The fight scene between Saul (James Franco) and Carol (Rosie Perez) was, for the most part, improvised. Because of this, Franco was worried that he would hurt Perez, and would ask her for permission to do certain things during the fight. In the end, Perez actually did get hurt, and got a bruise after Franco accidentally bit her too hard on the thigh, but Perez didn't tell him until after filming was done, so he wouldn't feel bad.
As he is handing Dale some guns, Red (Danny McBride) says, "Ted Jones messed with the wrong melon farmers." This is a reference to the common network television practice of dubbing over swear words with less objectionable words, or terms that have a similar sound and length - even if the replacement words don't really make sense in the context of the movie. "Melon Farmers" is used most famously as the dub for "Mother F***ers" in the network television version of the Die Hard film franchise (in which lead character John McClane's famous catchphrase, "Yippie-kai-yay, Mother F***er!," became "Yippie-kai-yay, Melon Farmer!").
When James Franco smashes the bong over Danny McBride's head, it was supposed to be a fake, breakaway bong, so McBride could take part in the stunt. However, it was filled with some water, and when Franco actually smashed it, McBride was mildly hurt.
Seth Rogen told the April 25 issue of Rolling Stone Magazine, that the filmmakers originally wanted a budget of fifty million dollars, but was only able to secure twenty-five million dollars, due to the drug-heavy subject matter.
During a July 2008 interview with the Orange County Register about this movie, the interviewer told Seth Rogen and James Franco that he prepared for the interview by watching the classic stoner comedy Fast Times at Ridgemont High (1982) the night before. When he asked Rogen and Franco if they prepared likewise before making this film, Franco said he prepared by making out with Spicoli (a reference to his having shot Milk (2008), in which he and Sean Penn play lovers).
The first time Dale visits Saul, he apologizes for coming up before being buzzed in, to which Saul replies, "Stuff your sorries in a sack, man!" This is actually from an episode of Seinfeld (1989), where the characters disagree over whether or not the quote is a commonly used expression. Ironically, after the popular episode aired, and was replayed over and over in syndication, "Stuff your sorries in a sack", actually did become a casually and commonly used expression, as seen here in this film.

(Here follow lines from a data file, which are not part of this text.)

lemma is_proposition_unr_V_refl:
  assumes "refl_on W R" "R \<subseteq> W \<times> W"
  shows "is_proposition (unr_W R w) (unr_Rre R w) (unr_V R V w p)"
proof -
  let ?X = "unr_V R V w p" and ?R' = "unr_Rre R w"
  have "ys \<in> ?X" if ys: "ys \<in> img ?R' ?X \<inter> boxR (unr_W R w) ?R' (img ?R' ?X)" for ys
  proof -
    obtain xs where xs: "xs \<in> ?X" and xs_ys: "(xs, ys) \<in> ?R'"
      using IntD1[OF ys] by (auto simp: img_def)
    show "ys \<in> ?X"
    proof (cases "ys = xs")
      case False
      then obtain t where ys_eq: "ys = xs @ [t]" and xs_t: "(last xs, t) \<in> R"
        using xs_ys by (auto simp: unr_Rre_def unr_R_iff)
      have ys_W: "ys \<in> unr_W R w"
        unfolding ys_eq using xs xs_t by (simp add: unr_V_def unr_W_snocI)
      have "(t, t) \<in> R" using xs_t assms by (auto intro: refl_onD)
      then have ys_succ: "(ys, ys @ [t]) \<in> unr_R R w"
        using ys_W ys_eq by (simp add: unr_R_iff)
      then have "ys @ [t] \<in> img ?R' ?X" using IntD2[OF ys] by (simp add: boxR_def unr_Rre_def)
      then obtain zs where zs: "zs \<in> ?X" "(zs, ys @ [t]) \<in> ?R'" by (auto simp: img_def)
      then have "zs = ys @ [t] \<or> zs = ys"
        using unr_R_predecessor_unique[OF _ ys_succ] by (auto simp: unr_Rre_def)
      then show ?thesis
        using zs(1) ys_W ys_eq by (auto simp: unr_V_def)
    qed (use xs in simp)
  qed
  moreover have "?X \<subseteq> unr_W R w" by (auto simp: unr_V_def)
  ultimately show ?thesis unfolding is_proposition_def by blast
qed
lemma bidual_mean_left_translate:
  fixes x :: "'a \<Rightarrow> 'x::real_normed_vector"
  assumes "h \<in> carrier G" "bounded (x ` carrier G)"
  shows "bidual_mean (\<lambda>g. x (h \<otimes> g)) = bidual_mean x"
proof (rule blinfun_eqI)
  fix f :: "'x \<Rightarrow>\<^sub>L real"
  show "bidual_mean (\<lambda>g. x (h \<otimes> g)) f = bidual_mean x f"
    using mean_left_translate[OF assms(1) bounded_blinfun_image_comp[OF assms(2)], of f]
    by (simp add: bidual_mean_apply assms bounded_left_translate)
qed


lemma bounded_cocycle_coboundary:
  fixes u :: "'a \<Rightarrow> 'x::real_normed_vector \<Rightarrow>\<^sub>L 'x"
    and w :: "'a \<Rightarrow> 'z::real_normed_vector \<Rightarrow>\<^sub>L 'z"
    and \<beta> :: "'a \<Rightarrow> 'z \<Rightarrow>\<^sub>L 'x"
    and P :: "(('x \<Rightarrow>\<^sub>L real) \<Rightarrow>\<^sub>L real) \<Rightarrow>\<^sub>L 'x"
  assumes P_canon: "\<And>x. P (canon_emb x) = x"
    and P_equivariant: "\<And>g. g \<in> carrier G \<Longrightarrow> P o\<^sub>L dual_map (dual_map (u g)) = u g o\<^sub>L P"
    and \<beta>_bounded: "\<And>g. g \<in> carrier G \<Longrightarrow> norm (\<beta> g) \<le> L"
    and cocycle: "\<And>g h. g \<in> carrier G \<Longrightarrow> h \<in> carrier G \<Longrightarrow>
      \<beta> (h \<otimes> g) o\<^sub>L w h = (u h o\<^sub>L \<beta> g) + (\<beta> h o\<^sub>L w h)"
  obtains B where "\<And>h. h \<in> carrier G \<Longrightarrow> \<beta> h o\<^sub>L w h = (B o\<^sub>L w h) - (u h o\<^sub>L B)"
    and "\<And>z. (\<And>g. g \<in> carrier G \<Longrightarrow> \<beta> g z = 0) \<Longrightarrow> B z = 0"
proof -
  have orbit_le: "norm (\<beta> g z) \<le> L * norm z" if "g \<in> carrier G" for g z
    using norm_blinfun[of "\<beta> g" z] mult_right_mono[OF \<beta>_bounded[OF that] norm_ge_zero[of z]]
    by linarith
  then have orbit_bounded: "bounded ((\<lambda>g. \<beta> g z) ` carrier G)" for z
    unfolding bounded_iff by blast
  define \<Phi> where "\<Phi> z = bidual_mean (\<lambda>g. \<beta> g z)" for z
  have "bounded_linear \<Phi>"
  proof (rule bounded_linear_intro[where K = L])
    show "\<Phi> (z1 + z2) = \<Phi> z1 + \<Phi> z2" for z1 z2
      unfolding \<Phi>_def by (simp add: blinfun.add_right bidual_mean_add orbit_bounded)
    show "\<Phi> (r *\<^sub>R z) = r *\<^sub>R \<Phi> z" for r z
      unfolding \<Phi>_def by (simp add: blinfun.scaleR_right bidual_mean_scaleR orbit_bounded)
    show "norm (\<Phi> z) \<le> norm z * L" for z
      unfolding \<Phi>_def mult.commute[of "norm z"] by (rule norm_bidual_mean_le) (rule orbit_le)
  qed
  define B where "B = P o\<^sub>L Blinfun \<Phi>"
  have B_apply: "B z = P (\<Phi> z)" for z
    unfolding B_def by (simp add: bounded_linear_Blinfun_apply[OF \<open>bounded_linear \<Phi>\<close>])
  show thesis
  proof (rule that)
    fix h assume h: "h \<in> carrier G"
    \<comment> \<open>The mean of the cocycle identity over \<open>g\<close>, using left invariance of the mean.\<close>
    have "\<Phi> (w h z) = dual_map (dual_map (u h)) (\<Phi> z) + canon_emb (\<beta> h (w h z))" for z
    proof -
      have "\<Phi> (w h z) = bidual_mean (\<lambda>g. \<beta> (h \<otimes> g) (w h z))"
        unfolding \<Phi>_def using bidual_mean_left_translate[OF h orbit_bounded] by simp
      also have "\<dots> = bidual_mean (\<lambda>g. u h (\<beta> g z) + \<beta> h (w h z))"
      proof (rule bidual_mean_cong)
        show "bounded ((\<lambda>g. \<beta> (h \<otimes> g) (w h z)) ` carrier G)"
          using h orbit_bounded by (rule bounded_left_translate)
        show "bounded ((\<lambda>g. u h (\<beta> g z) + \<beta> h (w h z)) ` carrier G)"
          by (intro bounded_plus_comp bounded_blinfun_image_comp orbit_bounded bounded_const_image)
        show "\<beta> (h \<otimes> g) (w h z) = u h (\<beta> g z) + \<beta> h (w h z)" if "g \<in> carrier G" for g
          using arg_cong[OF cocycle[OF that h], of "\<lambda>A. A z"] by (simp add: blinfun.add_left)
      qed
      also have "\<dots> = dual_map (dual_map (u h)) (\<Phi> z) + canon_emb (\<beta> h (w h z))"
        unfolding \<Phi>_def
        by (simp add: bidual_mean_add bidual_mean_blinfun bidual_mean_const orbit_bounded
            bounded_blinfun_image_comp bounded_const_image)
      finally show ?thesis .
    qed
    then have "B (w h z) = u h (B z) + \<beta> h (w h z)" for z
      using arg_cong[OF P_equivariant[OF h], of "\<lambda>A. A (\<Phi> z)"]
      by (simp add: B_apply blinfun.add_right P_canon)
    then show "\<beta> h o\<^sub>L w h = (B o\<^sub>L w h) - (u h o\<^sub>L B)"
      by (intro blinfun_eqI) (simp add: blinfun.diff_left)
  next
    fix z assume "\<And>g. g \<in> carrier G \<Longrightarrow> \<beta> g z = 0"
    then have "\<Phi> z = bidual_mean (\<lambda>g. 0)"
      unfolding \<Phi>_def by (intro bidual_mean_cong orbit_bounded bounded_const_image)
    then show "B z = 0"
      by (simp add: B_apply bidual_mean_const)
  qed
qed
end


section \<open>Correcting a bounded equivalence to an equivariant one\<close>

lemmas blinfun_add_diff = blinfun.add_left blinfun.add_right blinfun.diff_left blinfun.diff_right

lemma G_space_apply:
  "G_space G u \<Longrightarrow> g \<in> carrier G \<Longrightarrow> h \<in> carrier G \<Longrightarrow> u (g \<otimes>\<^bsub>G\<^esub> h) x = u g (u h x)"
  unfolding G_space_def by (metis blinfun_apply_blinfun_compose)

lemma G_space_norm_bound:
  assumes "G_space G u"
  obtains C where "0 \<le> C" "\<And>g. g \<in> carrier G \<Longrightarrow> norm (u g) \<le> C"
proof -
  obtain C where "\<forall>g\<in>carrier G. norm (u g) \<le> C"
    using assms unfolding G_space_def by blast
  then show thesis
    using that[of "max C 0"] by (auto intro: max.coboundedI1)
qed

lemma equivariant_apply:
  "equivariant G u w T \<Longrightarrow> g \<in> carrier G \<Longrightarrow> T (u g x) = w g (T x)"
  unfolding equivariant_def by (metis blinfun_apply_blinfun_compose)

lemma closed_range_exact_seq:
  "exact_seq i q \<Longrightarrow> closed (range (blinfun_apply i))"
  unfolding exact_seq_def
  by (simp add: closed_Collect_eq linear_continuous_on blinfun.bounded_linear_right)

lemma blinfun_lift_through_injective:
  fixes j :: "'x::real_normed_vector \<Rightarrow>\<^sub>L 'z::real_normed_vector"
    and A :: "'w::real_normed_vector \<Rightarrow>\<^sub>L 'z"
  assumes "inj j" "0 \<le> K" "\<And>x. norm x \<le> K * norm (j x)" "range A \<subseteq> range j"
  obtains B where "j o\<^sub>L B = A" "norm B \<le> K * norm A"
proof -
  define lift where "lift z = inv_into UNIV j (A z)" for z
  have j_lift: "j (lift z) = A z" for z
    using assms(4) unfolding lift_def by (simp add: f_inv_into_f subset_eq)
  have lift_le: "norm (lift z) \<le> K * norm A * norm z" for z
    using assms(3)[of "lift z"] mult_left_mono[OF norm_blinfun[of A z] assms(2)]
    by (simp add: j_lift mult.assoc)
  have "bounded_linear lift"
  proof (rule bounded_linear_intro[where K = "K * norm A"])
    show "lift (x + y) = lift x + lift y" for x y
      using \<open>inj j\<close> by (simp add: inj_eq[symmetric] j_lift blinfun.add_right)
    show "lift (r *\<^sub>R x) = r *\<^sub>R lift x" for r x
      using \<open>inj j\<close> by (simp add: inj_eq[symmetric] j_lift blinfun.scaleR_right)
  qed (use lift_le in \<open>simp add: ac_simps\<close>)
  then show thesis
    using lift_le assms(2)
    by (intro that[of "Blinfun lift"])
      (auto intro!: blinfun_eqI norm_blinfun_bound simp: bounded_linear_Blinfun_apply j_lift)
qed

lemma blinfun_compose_inj_cancel:
  "inj (blinfun_apply j) \<Longrightarrow> j o\<^sub>L A = j o\<^sub>L A' \<Longrightarrow> A = A'"
  by (intro blinfun_eqI) (metis blinfun_apply_blinfun_compose injD)

definition conjugation_defect :: "('g, 'b) monoid_scheme \<Rightarrow> ('g \<Rightarrow> ('z1::real_normed_vector \<Rightarrow>\<^sub>L 'z1))
    \<Rightarrow> ('g \<Rightarrow> ('z2::real_normed_vector \<Rightarrow>\<^sub>L 'z2)) \<Rightarrow> ('z1 \<Rightarrow>\<^sub>L 'z2) \<Rightarrow> 'g \<Rightarrow> 'z1 \<Rightarrow>\<^sub>L 'z2" where
  "conjugation_defect G w1 w2 T g =
     (w2 g o\<^sub>L T o\<^sub>L w1 (inv\<^bsub>G\<^esub> g)) - (w2 \<one>\<^bsub>G\<^esub> o\<^sub>L T o\<^sub>L w1 \<one>\<^bsub>G\<^esub>)"

context group
begin

lemma G_space_one_left: "G_space G w \<Longrightarrow> g \<in> carrier G \<Longrightarrow> w \<one> (w g x) = w g x"
  by (metis G_space_apply l_one one_closed)

lemma G_space_one_right: "G_space G w \<Longrightarrow> g \<in> carrier G \<Longrightarrow> w g (w \<one> x) = w g x"
  by (metis G_space_apply r_one one_closed)

lemma conjugation_defect_cocycle:
  assumes w1: "G_space G w1" and w2: "G_space G w2" and g: "g \<in> carrier G" and h: "h \<in> carrier G"
  shows "conjugation_defect G w1 w2 T (h \<otimes> g) o\<^sub>L w1 h =
    (w2 h o\<^sub>L conjugation_defect G w1 w2 T g) + (conjugation_defect G w1 w2 T h o\<^sub>L w1 h)"
proof (rule blinfun_eqI)
  fix z
  have "w1 (inv (h \<otimes> g)) (w1 h z) = w1 (inv g) z"
    using G_space_apply[OF w1, of "inv (h \<otimes> g)" h z] g h by (simp add: inv_mult_group m_assoc)
  moreover have "w1 (inv h) (w1 h z) = w1 \<one> z"
    using G_space_apply[OF w1, of "inv h" h z] h by simp
  moreover have "w2 (h \<otimes> g) y = w2 h (w2 g y)" for y
    using G_space_apply[OF w2] g h by simp
  ultimately show "(conjugation_defect G w1 w2 T (h \<otimes> g) o\<^sub>L w1 h) z =
      ((w2 h o\<^sub>L conjugation_defect G w1 w2 T g) + (conjugation_defect G w1 w2 T h o\<^sub>L w1 h)) z"
    using h by (simp add: conjugation_defect_def blinfun.add_left blinfun.add_right
        blinfun.diff_left blinfun.diff_right G_space_one_left[OF w1] G_space_one_right[OF w2])
qed

lemma conjugation_defect_kernel:
  assumes "G_space G v" "equivariant G w1 v q" "equivariant G w2 v p" "p o\<^sub>L T = q"
    and g: "g \<in> carrier G"
  shows "p o\<^sub>L conjugation_defect G w1 w2 T g = 0"
proof -
  have pTw: "p (w2 k (T (w1 k' z))) = v (k \<otimes> k') (q z)" if "k \<in> carrier G" "k' \<in> carrier G" for k k' z
    using that assms(1-3) arg_cong[OF assms(4), of "\<lambda>A. A (w1 k' z)"]
    by (simp add: equivariant_apply G_space_apply)
  then show ?thesis
    using g by (intro blinfun_eqI) (simp add: conjugation_defect_def blinfun_add_diff)
qed

lemma conjugation_defect_vanishes:
  assumes "G_space G u" "equivariant G u w1 i" "equivariant G u w2 j" "T o\<^sub>L i = j"
    and g: "g \<in> carrier G"
  shows "conjugation_defect G w1 w2 T g o\<^sub>L i = 0"
proof -
  have wTi: "w2 k (T (w1 k' (i x))) = j (u (k \<otimes> k') x)" if "k \<in> carrier G" "k' \<in> carrier G" for k k' x
    using that assms(1-3) arg_cong[OF assms(4), of "\<lambda>A. A (u k' x)"]
    by (simp add: equivariant_apply[symmetric] G_space_apply)
  then show ?thesis
    using g by (intro blinfun_eqI) (simp add: conjugation_defect_def blinfun_add_diff)
qed

lemma conjugation_defect_norm_bound:
  assumes "G_space G w1" "G_space G w2"
  obtains L where "\<And>g. g \<in> carrier G \<Longrightarrow> norm (conjugation_defect G w1 w2 T g) \<le> L"
proof -
  obtain C1 C2 where "0 \<le> C1" "\<And>g. g \<in> carrier G \<Longrightarrow> norm (w1 g) \<le> C1"
    and "0 \<le> C2" "\<And>g. g \<in> carrier G \<Longrightarrow> norm (w2 g) \<le> C2"
    using G_space_norm_bound[OF assms(1)] G_space_norm_bound[OF assms(2)] by metis
  then have conj_le: "norm (w2 g o\<^sub>L T o\<^sub>L w1 k) \<le> C2 * norm T * C1"
    if "g \<in> carrier G" "k \<in> carrier G" for g k
    using that norm_blinfun_compose[of "w2 g o\<^sub>L T" "w1 k"] norm_blinfun_compose[of "w2 g" T]
    by (smt (verit) mult_mono norm_ge_zero zero_le_mult_iff)
  show thesis
  proof (rule that)
    fix g assume "g \<in> carrier G"
    then show "norm (conjugation_defect G w1 w2 T g) \<le> 2 * (C2 * norm T * C1)"
      unfolding conjugation_defect_def
      using norm_triangle_ineq4 conj_le[of g "inv g"] conj_le[of \<one> \<one>] by (smt (verit) inv_closed one_closed)
  qed
qed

The place where Saul and Dale are held hostage, is where the beginning of the movie takes place underground. In the back of the room, you can see the water suit, in which the people used, when testing the effects of marijuana.
James Franco had stated in an interview with MTV news and Judd Apatow stated the same at a Comic Con event that they were considering making a movie sequel that would intersect the story lines of this movie and Superbad (2007) but this never materialized.
Saul (James Franco) carries a Taconic High School duffle bag in almost every scene of the movie. Taconic High School is a public school in Pittsfield, Massachusetts. The school's mascots are "The Braves", and the colors are green and yellow.
Trifecta doesn't actually mean anything related to the special T-shaped joint or the smoke inhaled. It means "a bet which is won by correctly selecting in the correct order the first three finishers in a race."
In the original script, Dale's girlfriend Angie was an adult and a strong mature businesswoman in sharp contrast to her slacker boyfriend. The decision to rewrite Angie as a high school senior was done to avoid unfair comparisons with Shaun of the Dead (2004).